Our study assessed B-cell subsets and their activation status in IPF lungs and LN by 14-color flow cytometry. We observed that IPF patients had increased plasmablasts and IgA+ memory B-cells in blood, intense IgA staining in lung TLOs, and more serum IgA antibodies recognizing nuclear self-antigens. Higher autoreactive IgA levels correlated with an increased decline of FVC. Furthermore, we showed that circulating IPF B-cells had elevated BTK expression, which could contribute to a loss of immune tolerance and development of autoimmunity in IPF (Additional file 9, graphic summary). In a bleomycin pulmonary fibrosis mouse model, we observed the induction of IgA+ GC B-cells and IgA plasma cells, indicating similarities with human pathobiology. The bleomycin model also showed that proportions of BALF GC B-cells correlated with the extent of fibrosis.
The increased numbers of TLOs in lungs of IPF patients, together with elevated serum CXCL13 and BAFF, indicate involvement of B-cells in IPF [11,12,13,14]. The decrease in circulating transitional B-cells, together with an increase of B cells in the lungs of IPF patients, suggests migration from the blood towards the lungs. Transitional B-cells, which are immature B cells that have recently emigrated from the bone marrow, are possibly attracted to pulmonary TLO in IPF patients by CXCL13. We confirmed that plasmablasts are increased in blood , and importantly, also in IPF lungs. Furthermore, DN-memory B-cells are increased blood of IPF patients. This is particularly interesting as DN-memory B-cells activate telomerase when stimulated and are thought to be age-related exhausted memory B-cells [22, 23]. As both telomerase dysfunction and immune exhaustion have been implicated in IPF pathogenesis [24,25,26], this B-cell subset would be an interesting topic for further research.

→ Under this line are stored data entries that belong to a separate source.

(* Let $n\ge1$ be an integer and, for $j=0,\dots,n$, let $f_{2j}$ be a homogeneous polynomial of degree $2j$ with complex coefficients in the four entries of a $2\times2$ matrix, not divisible by $\det$ (viewed as a degree-$2$ polynomial). Let $S_{2n}\subset\mathbb{K}P^3$ be the surface defined by $F_{2n}(A)=0$, where $$F_{2n}(A)=\sum_{j=0}^n t^{-j(j+1)}(\det A)^{n-j}f_{2j}(A).$$ Let $C_{2j}=\{[B]_{\mathbb{C}^*}\in Q(\mathbb{C}): f_{2j}(B)=0\}$. For $j=1,\dots,n$ let $\sigma_j$ be the section of $\mathcal{S}$ over $Q(\mathbb{C})\setminus(C_{2j-2}\cup C_{2j})$ given by $\sigma_j([B]_{\mathbb{C}^*})=\left[\sqrt{-\tfrac{f_{2j-2}(B)}{f_{2j}(B)}}\,B\right]_{\mathbb{R}^*}$. Then $$\operatorname{VAL}(S_{2n})\subset\Sigma_\infty\cup\Sigma_R\cup\Sigma_C,$$ where $\Sigma_\infty=\{\infty\}\times C_{2n}$, $\Sigma_R=\bigcup_{j=1}^{n-1}((j,j+1)\cap\mathbb{Q})\times\mathcal{S}|_{C_{2j}}\ \cup\ ((n,\infty)\cap\mathbb{Q})\times\mathcal{S}|_{C_{2n}}$, and $\Sigma_C=\bigcup_{j=1}^n\{j\}\times\Big(\sigma_j\big(Q(\mathbb{C})\setminus(C_{2j-2}\cup C_{2j})\big)\cup\mathcal{S}|_{C_{2j-2}\cap C_{2j}}\Big)$.
   Context: Matrices and classes. For a $2\times 2$ matrix $B=\begin{pmatrix}a&b\\ c&d\end{pmatrix}$ write $B^{\mathbf c}=\begin{pmatrix}d&-b\\ -c&a\end{pmatrix}$; $B^*$ is the conjugate transpose. $\mathbb{C}P^3$ is the projectivization of the space of complex $2\times2$ matrices; $[B]_{\mathbb{C}^*}$ is the class of a nonzero matrix up to nonzero complex scalars, $[B]_{\mathbb{R}^*}$ its class up to nonzero real scalars. $Q(\mathbb{C})=\{[B]_{\mathbb{C}^*}:\det B=0\}$, $PSU(2)=\{[U]_{\mathbb{C}^*}:U\in SU(2)\}$. Circle bundle. $\mathcal{S}$ is the set of classes $[B]_{\mathbb{R}^*}$ of complex $2\times2$ matrices of rank one, with projection $\pi\colon\mathcal{S}\to Q(\mathbb{C})$, $[B]_{\mathbb{R}^*}\mapsto[B]_{\mathbb{C}^*}$; for $Z\subset Q(\mathbb{C})$, $\mathcal{S}|_Z=\pi^{-1}(Z)$; a section over $Z$ is a map $\sigma\colon Z\to\mathcal{S}$ with $\pi\circ\sigma=\mathrm{id}_Z$ (the formula for $\sigma_j$ is independent of the representative $B$ and the choice of square root, since classes are taken up to real scalars). Cone notation (subsets of $\mathbb{C}P^3$). For $I\subset(0,\infty)$ and $T\subset\mathcal{S}$, $I\times T:=\{[e^\alpha B+e^{-\alpha}(B^{\mathbf c})^*]_{\mathbb{C}^*}:\alpha\in I,\ [B]_{\mathbb{R}^*}\in T\}$; for $Y\subset Q(\mathbb{C})$, $\{\infty\}\times Y:=Y$. Field and valuation. $\mathbb{K}$ is the field of Puiseux series in $t$ (with $t\to\infty$) with complex coefficients, i.e. series $\sum_q a_q t^q$ with $a_q\in\mathbb{C}$ and exponents in $\frac1N\mathbb{Z}$ for some $N\ge1$, bounded above. $\mathbb{K}P^3$ is the projectivization of the space of $2\times 2$ matrices over $\mathbb{K}$. Every nonzero matrix $A$ over $\mathbb{K}$ can be written uniquely as $A=t^\alpha B+(\text{terms with exponents}<\alpha)$ with $\alpha\in\mathbb{Q}$ and $B$ a nonzero complex matrix. The map $\operatorname{VAL}\colon\mathbb{K}P^3\to\mathbb{C}P^3$ is: if $\det A=0$, $\operatorname{VAL}([A])=[B]_{\mathbb{C}^*}$; if $\det A\ne0$, rescale $A$ so that $\det A=1$ (then $\alpha\ge0$), and set $\operatorname{VAL}([A])=[e^\alpha B+e^{-\alpha}(B^{\mathbf c})^*]_{\mathbb{C}^*}$. *)

theory Defs
  imports Complex_Main
begin

section \<open>2x2 matrices (entries a b c d, i.e. [[a,b],[c,d]])\<close>

datatype 'a mat2 = M2 'a 'a 'a 'a

fun ents :: "'a mat2 \<Rightarrow> 'a list" where
  "ents (M2 a b c d) = [a, b, c, d]"

fun cdet :: "complex mat2 \<Rightarrow> complex" where
  "cdet (M2 a b c d) = a * d - b * c"

definition czero :: "complex mat2" where "czero = M2 0 0 0 0"

definition csmult :: "complex \<Rightarrow> complex mat2 \<Rightarrow> complex mat2" where
  "csmult z B = map_mat2 (\<lambda>x. z * x) B"

fun cadd :: "complex mat2 \<Rightarrow> complex mat2 \<Rightarrow> complex mat2" where
  "cadd (M2 a b c d) (M2 a' b' c' d') = M2 (a + a') (b + b') (c + c') (d + d')"

fun adjc :: "complex mat2 \<Rightarrow> complex mat2" where
  "adjc (M2 a b c d) = M2 d (- b) (- c) a"

fun cstar :: "complex mat2 \<Rightarrow> complex mat2" where
  "cstar (M2 a b c d) = M2 (cnj a) (cnj c) (cnj b) (cnj d)"

text \<open>class up to nonzero complex scalars (a point of CP^3) and up to nonzero real scalars\<close>
definition cproj :: "complex mat2 \<Rightarrow> complex mat2 set" where
  "cproj B = {csmult z B | z. z \<noteq> 0}"

definition rproj :: "complex mat2 \<Rightarrow> complex mat2 set" where
  "rproj B = {csmult (complex_of_real r) B | r. r \<noteq> 0}"

definition Qset :: "complex mat2 set set" where
  "Qset = {cproj B | B. B \<noteq> czero \<and> cdet B = 0}"

text \<open>the circle bundle S restricted to Z \<subseteq> Q(C)\<close>
definition restrS :: "complex mat2 set set \<Rightarrow> complex mat2 set set" where
  "restrS Z = {rproj B | B. B \<noteq> czero \<and> cdet B = 0 \<and> cproj B \<in> Z}"

text \<open>the cone notation I \<times> T\<close>
definition cone :: "real set \<Rightarrow> complex mat2 set set \<Rightarrow> complex mat2 set set" where
  "cone I T = {cproj (cadd (csmult (complex_of_real (exp \<alpha>)) B)
                           (csmult (complex_of_real (exp (- \<alpha>))) (cstar (adjc B))))
               | \<alpha> B. \<alpha> \<in> I \<and> B \<noteq> czero \<and> rproj B \<in> T}"

section \<open>Homogeneous polynomials in the four entries (coefficient functions)\<close>

type_synonym cpoly4 = "nat \<times> nat \<times> nat \<times> nat \<Rightarrow> complex"

definition homog :: "cpoly4 \<Rightarrow> nat \<Rightarrow> bool" where
  "homog p d \<longleftrightarrow> (\<forall>i j k l. p (i, j, k, l) \<noteq> 0 \<longrightarrow> i + j + k + l = d)"

text \<open>coefficients of the product det * g, det = x1 x4 - x2 x3\<close>
fun detmul :: "cpoly4 \<Rightarrow> cpoly4" where
  "detmul g (i, j, k, l) =
     (if 1 \<le> i \<and> 1 \<le> l then g (i - 1, j, k, l - 1) else 0)
   - (if 1 \<le> j \<and> 1 \<le> k then g (i, j - 1, k - 1, l) else 0)"

definition det_dvd :: "cpoly4 \<Rightarrow> bool" where
  "det_dvd p \<longleftrightarrow> (\<exists>g. finite {e. g e \<noteq> 0} \<and> (\<forall>e. p e = detmul g e))"

fun evalC :: "cpoly4 \<Rightarrow> complex mat2 \<Rightarrow> complex" where
  "evalC p (M2 a b c d) =
     (\<Sum>e\<in>{e. p e \<noteq> 0}. p e * (case e of (i, j, k, l) \<Rightarrow> a ^ i * b ^ j * c ^ k * d ^ l))"

section \<open>Puiseux series (t \<rightarrow> \<infinity>): coefficient functions rat \<Rightarrow> complex\<close>

type_synonym ps = "rat \<Rightarrow> complex"

definition puiseux :: "ps \<Rightarrow> bool" where
  "puiseux a \<longleftrightarrow> (\<exists>N::nat. N \<ge> 1 \<and> (\<forall>q. a q \<noteq> 0 \<longrightarrow> q * of_nat N \<in> \<int>))
                  \<and> bdd_above {q. a q \<noteq> 0}"

definition pzero :: ps where "pzero = (\<lambda>_. 0)"

definition tpow :: "rat \<Rightarrow> ps" where
  "tpow r = (\<lambda>q. if q = r then 1 else 0)"

text \<open>product (Cauchy convolution; finite sums for Puiseux series)\<close>
definition conv :: "ps \<Rightarrow> ps \<Rightarrow> ps" where
  "conv a b = (\<lambda>q. \<Sum>r\<in>{r. a r \<noteq> 0 \<and> b (q - r) \<noteq> 0}. a r * b (q - r))"

primrec ppow :: "ps \<Rightarrow> nat \<Rightarrow> ps" where
  "ppow a 0 = tpow 0"
| "ppow a (Suc n) = conv a (ppow a n)"

fun Kdet :: "ps mat2 \<Rightarrow> ps" where
  "Kdet (M2 a b c d) = (\<lambda>q. conv a d q - conv b c q)"

fun evalK :: "cpoly4 \<Rightarrow> ps mat2 \<Rightarrow> ps" where
  "evalK p (M2 a b c d) = (\<lambda>q.
     \<Sum>e\<in>{e. p e \<noteq> 0}. p e * (case e of (i, j, k, l) \<Rightarrow>
        conv (conv (ppow a i) (ppow b j)) (conv (ppow c k) (ppow d l)) q))"

text \<open>nonzero 2x2 matrices over K (representatives of points of KP^3)\<close>
definition Kmat :: "ps mat2 \<Rightarrow> bool" where
  "Kmat A \<longleftrightarrow> (\<forall>x\<in>set (ents A). puiseux x) \<and> A \<noteq> M2 pzero pzero pzero pzero"

text \<open>A = t^alpha B + lower order terms\<close>
definition lexp :: "ps mat2 \<Rightarrow> rat" where
  "lexp A = (GREATEST q. \<exists>x\<in>set (ents A). x q \<noteq> 0)"

definition lead :: "ps mat2 \<Rightarrow> complex mat2" where
  "lead A = map_mat2 (\<lambda>x. x (lexp A)) A"

definition VAL :: "ps mat2 \<Rightarrow> complex mat2 set" where
  "VAL A = (if Kdet A = pzero then cproj (lead A)
            else (let l = (SOME l. puiseux l \<and> conv (conv l l) (Kdet A) = tpow 0);
                      A' = map_mat2 (conv l) A;
                      \<alpha> = real_of_rat (lexp A');
                      B = lead A'
                  in cproj (cadd (csmult (complex_of_real (exp \<alpha>)) B)
                                 (csmult (complex_of_real (exp (- \<alpha>))) (cstar (adjc B))))))"

section \<open>The objects of the theorem (f j stands for f_{2j})\<close>

definition Fpoly :: "nat \<Rightarrow> (nat \<Rightarrow> cpoly4) \<Rightarrow> ps mat2 \<Rightarrow> ps" where
  "Fpoly n f A = (\<lambda>q. \<Sum>j\<in>{0..n}.
      conv (tpow (- of_nat (j * (j + 1))))
           (conv (ppow (Kdet A) (n - j)) (evalK (f j) A)) q)"

definition Surf :: "nat \<Rightarrow> (nat \<Rightarrow> cpoly4) \<Rightarrow> ps mat2 set" where
  "Surf n f = {A. Kmat A \<and> Fpoly n f A = pzero}"

definition Cset :: "(nat \<Rightarrow> cpoly4) \<Rightarrow> nat \<Rightarrow> complex mat2 set set" where
  "Cset f j = {cproj B | B. B \<noteq> czero \<and> cdet B = 0 \<and> evalC (f j) B = 0}"

definition sigma :: "(nat \<Rightarrow> cpoly4) \<Rightarrow> nat \<Rightarrow> complex mat2 \<Rightarrow> complex mat2 set" where
  "sigma f j B = rproj (csmult (csqrt (- (evalC (f (j - 1)) B / evalC (f j) B))) B)"

definition sigma_img :: "(nat \<Rightarrow> cpoly4) \<Rightarrow> nat \<Rightarrow> complex mat2 set set" where
  "sigma_img f j = {sigma f j B | B. B \<noteq> czero \<and>
                     cproj B \<in> Qset - (Cset f (j - 1) \<union> Cset f j)}"

definition Sig_inf :: "nat \<Rightarrow> (nat \<Rightarrow> cpoly4) \<Rightarrow> complex mat2 set set" where
  "Sig_inf n f = Cset f n"

definition Sig_R :: "nat \<Rightarrow> (nat \<Rightarrow> cpoly4) \<Rightarrow> complex mat2 set set" where
  "Sig_R n f = (\<Union>j\<in>{1..n - 1}. cone ({real j<..<real j + 1} \<inter> \<rat>) (restrS (Cset f j)))
               \<union> cone ({real n<..} \<inter> \<rat>) (restrS (Cset f n))"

Repetitive alveolar epithelial injury exposes our immune system to self-antigens, increasing the risk of induction of autoreactive antibodies. Transforming growth factor-β, a key profibrotic cytokine, promotes IgA class-switch recombination of B-cells [27, 28]. Serum IgA concentrations at the time of IPF diagnosis have been shown to be a predictor of survival . In our patient cohort, plasma levels of total IgA and autoreactive IgA (mostly recognizing ANA) were also enhanced and specifically autoreactive IgA correlated with disease progression. Previous studies showed that autoantibodies found in IPF patients are often of the IgA subclass [8, 30]. Although (autoreactive) IgG antibodies are also implicated in IPF pathogenesis, we did not find a correlation with lung function decline [8, 9]. Autoreactive IgA may promote lung fibrosis through fibroblast proliferation and extracellular matrix protein production [31, 32]., This leads to a detrimental feedforward loop as the profibrotic milieu in IPF lungs promotes IgA class switching in B-cells.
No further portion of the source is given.